* What is expected: Filter the listing below, keeping every line that holds "rule".

►

lemma rosenau_integral_energy_rate_eq_0:
  fixes u :: "real \<times> real \<Rightarrow> real"
  assumes T: "open T" "convex T" "t \<in> T" and "0 \<le> L"
    and smooth: "smooth_on2 (UNIV \<times> T) u"
    and periodic: "periodic_in_x L T u"
    and rosenau: "\<And>x t. t \<in> T \<Longrightarrow>
        Dt u (x, t) + Dt (Dx (Dx (Dx (Dx u)))) (x, t) + Dx u (x, t) + u (x, t) * Dx u (x, t) = 0"
  shows "integral {0..L} (\<lambda>x. (u (x, t) ^ 2 + 2 * u (x, t)) * Dt u (x, t)) = 0"
proof -
  define v where "v k = (\<lambda>x. Dt ((Dx ^^ k) u) (x, t))" for k
  have smooth_k: "smooth_on2 (UNIV \<times> T) ((Dx ^^ k) u)" for k
    using smooth by (rule smooth_on2_funpow_Dx)
  have dv: "(v k has_real_derivative v (Suc k) x) (at x)" for k x
    using smooth_on2_strip_has_real_derivative_Dx[OF smooth_on2_Dt[OF smooth_k] T(1,3)]
      Dx_Dt_eq_Dt_Dx[OF smooth_k T]
    by (simp add: v_def)
  have "v 4 x = - (v 0 x + Dx u (x, t) + u (x, t) * Dx u (x, t))" for x
    using rosenau[OF T(3), of x] by (simp add: v_def eval_nat_numeral)
  then have dv3: "(v 3 has_real_derivative - (v 0 x + Dx u (x, t) + u (x, t) * Dx u (x, t))) (at x)" for x
    using dv[of 3 x] by (simp add: eval_nat_numeral)
  have dv012: "(v 0 has_real_derivative v 1 x) (at x)" "(v 1 has_real_derivative v 2 x) (at x)"
    "(v 2 has_real_derivative v 3 x) (at x)" for x
    using dv[of 0 x] dv[of 1 x] dv[of 2 x] by (simp_all add: numeral_eq_Suc)
  have dw: "((\<lambda>x. u (x, t)) has_real_derivative Dx u (x, t)) (at x)" for x
    using smooth T(1,3) by (rule smooth_on2_strip_has_real_derivative_Dx)
  have v_periodic: "v k L = v k 0" for k
    using periodic_in_x_Dt[OF smooth_k T(1) periodic_in_x_funpow_Dx[OF smooth T(1) periodic]] T(3)
    unfolding periodic_in_x_def v_def by (metis add_0)
  have u_periodic: "u (L, t) = u (0, t)"
    using periodic T(3) unfolding periodic_in_x_def by (metis add_0)
  define F where "F = (\<lambda>x. v 1 x ^ 2 - 2 * v 2 x * v 0 x - (v 3 x + u (x, t) + u (x, t) ^ 2 / 2) ^ 2)"
  have "(F has_real_derivative (u (x, t) ^ 2 + 2 * u (x, t)) * v 0 x) (at x)" for x
    unfolding F_def by (rule rosenau_flux_has_real_derivative[OF dw dv012 dv3])
  moreover have "F L = F 0"
    by (simp add: F_def v_periodic u_periodic)
  ultimately have "integral {0..L} (\<lambda>x. (u (x, t) ^ 2 + 2 * u (x, t)) * v 0 x) = 0"
    by (rule integral_eq_0_if_antiderivative_eq[OF \<open>0 \<le> L\<close>])
  then show ?thesis
    by (simp add: v_def)
qed
(* Consider an $M/M/1$ queue with arrival rate $\lambda>0$ and service rate $\mu>0$ with current queue length $x_k\ge1$. Let $\tau^A\sim\mathrm{Exp}(\lambda)$ and $w\sim\mathrm{Exp}(1)$ be independent, and for $\beta>0$ define the single-sample PATHWISE estimator $$G_\beta:=\frac{\partial}{\partial\mu}\,\frac{e^{-\beta\tau^A}-e^{-\beta w/\mu}}{e^{-\beta\tau^A}+e^{-\beta w/\mu}}$$ of the target $\nabla_\mu\mathbb E[x_{k+1}-x_k]=\nabla_\mu\frac{\lambda-\mu}{\lambda+\mu}=-\frac{2\lambda}{(\lambda+\mu)^2}$, where $x_{k+1}-x_k=\mathbf 1\{\tau^A<w/\mu\}-\mathbf 1\{\tau^A>w/\mu\}$. Let $G_{\beta,1},\dots,G_{\beta,B}$ be i.i.d. copies of $G_\beta$ and consider the estimator $\frac1B\sum_{i=1}^B G_{\beta,i}$. Then the choice of $\beta$ minimizing the mean-squared error of this estimator (with respect to the target) is $\beta^*=O(B^{1/5})$, and the resulting mean-squared error satisfies $\mathrm{MSE}(\beta^* )=O(B^{-4/5})$.
   Context: The derivative in $G_\beta$ is taken with respect to $\mu$ holding $\tau^A$ and $w$ fixed. The asymptotics are as $B\to\infty$. *)

theory Defs
  imports "HOL-Probability.Probability" "HOL-Library.Landau_Symbols"
begin

definition G :: "real \<Rightarrow> real \<Rightarrow> real \<times> real \<Rightarrow> real" where
  "G beta mu tw = deriv (\<lambda>m. (exp (- beta * fst tw) - exp (- beta * snd tw / m)) /
                              (exp (- beta * fst tw) + exp (- beta * snd tw / m))) mu"

definition sample_law :: "real \<Rightarrow> (real \<times> real) measure" where
  "sample_law lam = density lborel (exponential_density lam) \<Otimes>\<^sub>M density lborel (exponential_density 1)"

definition target :: "real \<Rightarrow> real \<Rightarrow> real" where
  "target lam mu = - 2 * lam / (lam + mu)\<^sup>2"

definition MSE :: "real \<Rightarrow> real \<Rightarrow> real \<Rightarrow> nat \<Rightarrow> real" where
  "MSE lam mu beta B = (\<integral>\<omega>. ((\<Sum>i<B. G beta mu (\<omega> i)) / real B - target lam mu)\<^sup>2
                          \<partial>(PiM {..<B} (\<lambda>_. sample_law lam)))"

end

theory Submission
  imports Defs "HOL-Real_Asymp.Real_Asymp"
begin

(* Writing \<psi> for the logistic density, the pathwise estimator is
   G = -2 \<beta> w \<psi>(\<beta> (\<tau> - w/\<mu>)) / \<mu>^2, and the target is the same expression with the kernel
   \<beta> \<psi>(\<beta> (\<tau> - v)) replaced by a point mass at \<tau> = v = w/\<mu>.  As \<psi> is even with unit mass,
   smoothing the Exp(\<lambda>) density at v with this kernel costs O(\<beta>^-2) by a second-order Taylor
   expansion, up to a term exp(-\<beta> v/2) from the kink of the density at 0, which also
   integrates to O(\<beta>^-2); so the bias is O(\<beta>^-2).  The second moment of G is of exact
   order \<beta>.  Hence MSE(\<beta>) = bias^2 + Var/B with bias^2 = O(\<beta>^-4) and c \<beta> - D \<le> Var \<le> V \<beta>.
   Comparing with \<beta> = B^(1/5) bounds the optimal MSE by O(B^(-4/5)); since Var/B is at most
   the MSE, the optimal \<beta> is then O(B^(1/5)). *)

section \<open>Mean squared error of a sample mean\<close>

lemma (in prob_space) integral_PiM_coordinate_products:
  fixes Y :: "'a \<Rightarrow> real" and B :: nat
  assumes Y: "integrable M Y" and Y2: "integrable M (\<lambda>x. Y x * Y x)" and ij: "i < B" "j < B"
  shows "integrable (PiM {..<B} (\<lambda>_. M)) (\<lambda>\<omega>. Y (\<omega> i) * Y (\<omega> j))"
    and "(\<integral>\<omega>. Y (\<omega> i) * Y (\<omega> j) \<partial>PiM {..<B} (\<lambda>_. M)) =
           (if i = j then integral\<^sup>L M (\<lambda>x. Y x * Y x) else (integral\<^sup>L M Y)\<^sup>2)"
proof -
  interpret product_sigma_finite "\<lambda>_. M"
    by (simp add: product_sigma_finite_def sigma_finite_measure_axioms)
  define f where "f k x = (if k = i then Y x else 1) * (if k = j then Y x else 1)" for k x
  have int_f: "integrable M (f k)" for k
    unfolding f_def using Y Y2 by (cases "k = i"; cases "k = j") auto
  have prod_f: "(\<Prod>k<B. f k (\<omega> k)) = Y (\<omega> i) * Y (\<omega> j)" for \<omega>
    unfolding f_def using ij by (simp add: prod.distrib)
  show "integrable (PiM {..<B} (\<lambda>_. M)) (\<lambda>\<omega>. Y (\<omega> i) * Y (\<omega> j))"
    using product_integrable_prod[of "{..<B}" f] int_f by (simp add: prod_f)
  have "(\<integral>\<omega>. Y (\<omega> i) * Y (\<omega> j) \<partial>PiM {..<B} (\<lambda>_. M)) = (\<Prod>k<B. integral\<^sup>L M (f k))"
    using product_integral_prod[of "{..<B}" f] int_f by (simp add: prod_f)
  also have "\<dots> = (if i = j then integral\<^sup>L M (\<lambda>x. Y x * Y x) else (integral\<^sup>L M Y)\<^sup>2)"
  proof (cases "i = j")
    case True
    then have "integral\<^sup>L M (f k) = (if k = i then integral\<^sup>L M (\<lambda>x. Y x * Y x) else 1)" for k
      unfolding f_def by (auto simp: prob_space)
    then show ?thesis using True ij by simp
  next
    case False
    then have "integral\<^sup>L M (f k) =
        (if k = i then integral\<^sup>L M Y else 1) * (if k = j then integral\<^sup>L M Y else 1)" for k
      unfolding f_def by (auto simp: prob_space)
    then show ?thesis using False ij by (simp add: prod.distrib power2_eq_square)
  qed
  finally show "(\<integral>\<omega>. Y (\<omega> i) * Y (\<omega> j) \<partial>PiM {..<B} (\<lambda>_. M)) =
      (if i = j then integral\<^sup>L M (\<lambda>x. Y x * Y x) else (integral\<^sup>L M Y)\<^sup>2)" .
qed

◄

* Solution:
    using smooth by (rule smooth_on2_funpow_Dx)
    using smooth T(1,3) by (rule smooth_on2_strip_has_real_derivative_Dx)
    unfolding F_def by (rule rosenau_flux_has_real_derivative[OF dw dv012 dv3])
    by (rule integral_eq_0_if_antiderivative_eq[OF \<open>0 \<le> L\<close>])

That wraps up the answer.